Far from relieved, Lindsay smiled weakly. “Please to meet you, Gavin. What’s the score?
“Well, both lots are still outside the police station but the police don’t seem to know quite how to play it. I mean, they can’t treat the ratepayers the way they normally treat the peace women, can they? And yet they can’t be seen to be treating them differently. It’s kind of a standoff. Or it was when I left.”
“And when was that?”
“About ten minutes ago.”
“Come on then, let’s go and check it out. I’ve got a deadline to meet in twenty minutes.”
They w
alked briskly through the market place and into the side street where a two-story brick building housed Fordham police station. They could hear the demonstration before they saw the demonstrators. The women from the camp were singing the songs of peace that had emerged over the last two years as their anthems. Chanting voices attempted to drown them out with “Close the camp! Give us peace!”
On the steps of the police station, sat about forty women dressed in strangely assorted layers of thick clothing, with muddy boots and peace badges fixed to their jackets, hats, and scarves. The majority of them looked remarkably healthy, in spite of the hardships of their outdoor life. To one side, a group of about twenty-five people stood shouting. There were more men than women, and they all looked as if they ought to be at home watching “Mastermind” instead of causing a civil disturbance outside the police station. Between the two groups were posted about a dozen uniformed policemen who seemed unwilling to do more than keep the groups apart. Lindsay stood and watched for a few minutes. Every so often, one of the RABD group would try to push through the police lines, but not seriously enough to warrant more than the gentlest of police manhandling. These attempts were usually provoked by jibes from one or two of the women. Lindsay recognized Nicky, one of the camp’s proponents of direct action, who called out, “You’re brave enough when the police are in the way, aren’t you? What about being brave when the Yanks drop their bombs on your doorstep?”

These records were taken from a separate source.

lemma reach_prob_ge_of_robust_policy:
  fixes f :: "nat \<Rightarrow> 'a::euclidean_space \<Rightarrow> 'b::euclidean_space \<Rightarrow> 'a"
  assumes "\<And>t. t < N \<Longrightarrow> continuous_on (T t \<times> U) (\<lambda>(x, u). f t x u)"
    and "\<And>t. t \<le> N \<Longrightarrow> closed (T t)" and "compact U"
    and "prob_space Pw" "sets Pw = sets borel" "E \<in> sets borel"
    and "\<And>t. pol t \<in> borel_measurable borel" "\<And>t x. pol t x \<in> U"
    and "\<And>t x e. t < N \<Longrightarrow> x \<in> robust_reach f U N T E t \<Longrightarrow> e \<in> E \<Longrightarrow>
       f t x (pol t x) + e \<in> robust_reach f U N T E (Suc t)"
    and "k \<le> N" "y \<in> robust_reach f U N T E k"
  shows "measure Pw E ^ (N - k) \<le> reach_prob f pol N T Pw k y"
proof (rule reach_prob_ge_measure_box)
  show "safe_event f pol N T Pw k y \<in> sets (PiM {k..<N} (\<lambda>_. Pw))"
    using assms(1-5,7,8) robust_reach_subset[OF assms(10), where f = f and U = U and T = T and E = E] assms(11)
    by (intro safe_event_measurable) (auto intro: compact_imp_closed)
  show "PiE {k..<N} (\<lambda>_. E) \<subseteq> safe_event f pol N T Pw k y"
    using assms(9,11) robust_reach_subset[of _ N f U T E] sets_eq_imp_space_eq[OF assms(5)]
    by (intro PiE_subset_safe_event[where R = "robust_reach f U N T E"]) auto
qed (use assms(4-6) in auto)

lemma univ_measurable_on_if_borel_measurable:
  "g \<in> borel_measurable borel \<Longrightarrow> univ_measurable_on X g"
  unfolding univ_measurable_on_def
  by (metis measurable_completion measurable_cong_sets measurable_restrict_space1)

lemma reach_prob_le_1:
  assumes "prob_space Pw"
  shows "reach_prob f pol N T Pw k y \<le> 1"
proof -
  interpret prob_space "PiM {k..<N} (\<lambda>_. Pw)"
    using assms by (intro prob_space_PiM)
  show ?thesis
    unfolding reach_prob_def by (rule prob_space.prob_le_1[OF prob_space_completion])
qed

lemma stoch_reach_set_if_policy:
  assumes "prob_space Pw" "y \<in> T k" "pol \<in> markov_policies N X U"
    and "\<alpha> \<le> reach_prob f pol N T Pw k y"
  shows "y \<in> stoch_reach_set f X U N T Pw k \<alpha>"
proof -
  have "bdd_above ((\<lambda>pol. reach_prob f pol N T Pw k y) ` markov_policies N X U)"
    by (rule bdd_aboveI2) (rule reach_prob_le_1[OF assms(1)])
  then show ?thesis
    unfolding stoch_reach_set_def using assms(2-4) by (auto intro: cSUP_upper2)
qed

“Why aren’t the cops breaking it up?” Lindsay asked Gavin.
“I told you, they don’t seem to know what to do. I think they’re waiting for the superintendent to get here. He was apparently off duty tonight and they’ve been having a bit of bother getting hold of him. I imagine he’ll be able to sort it out.”
Even as he spoke, a tall, uniformed police officer with a face like a Medici portrait emerged from the station. He picked his way between the peace women, who jeered at him. “That him?” Lindsay demanded.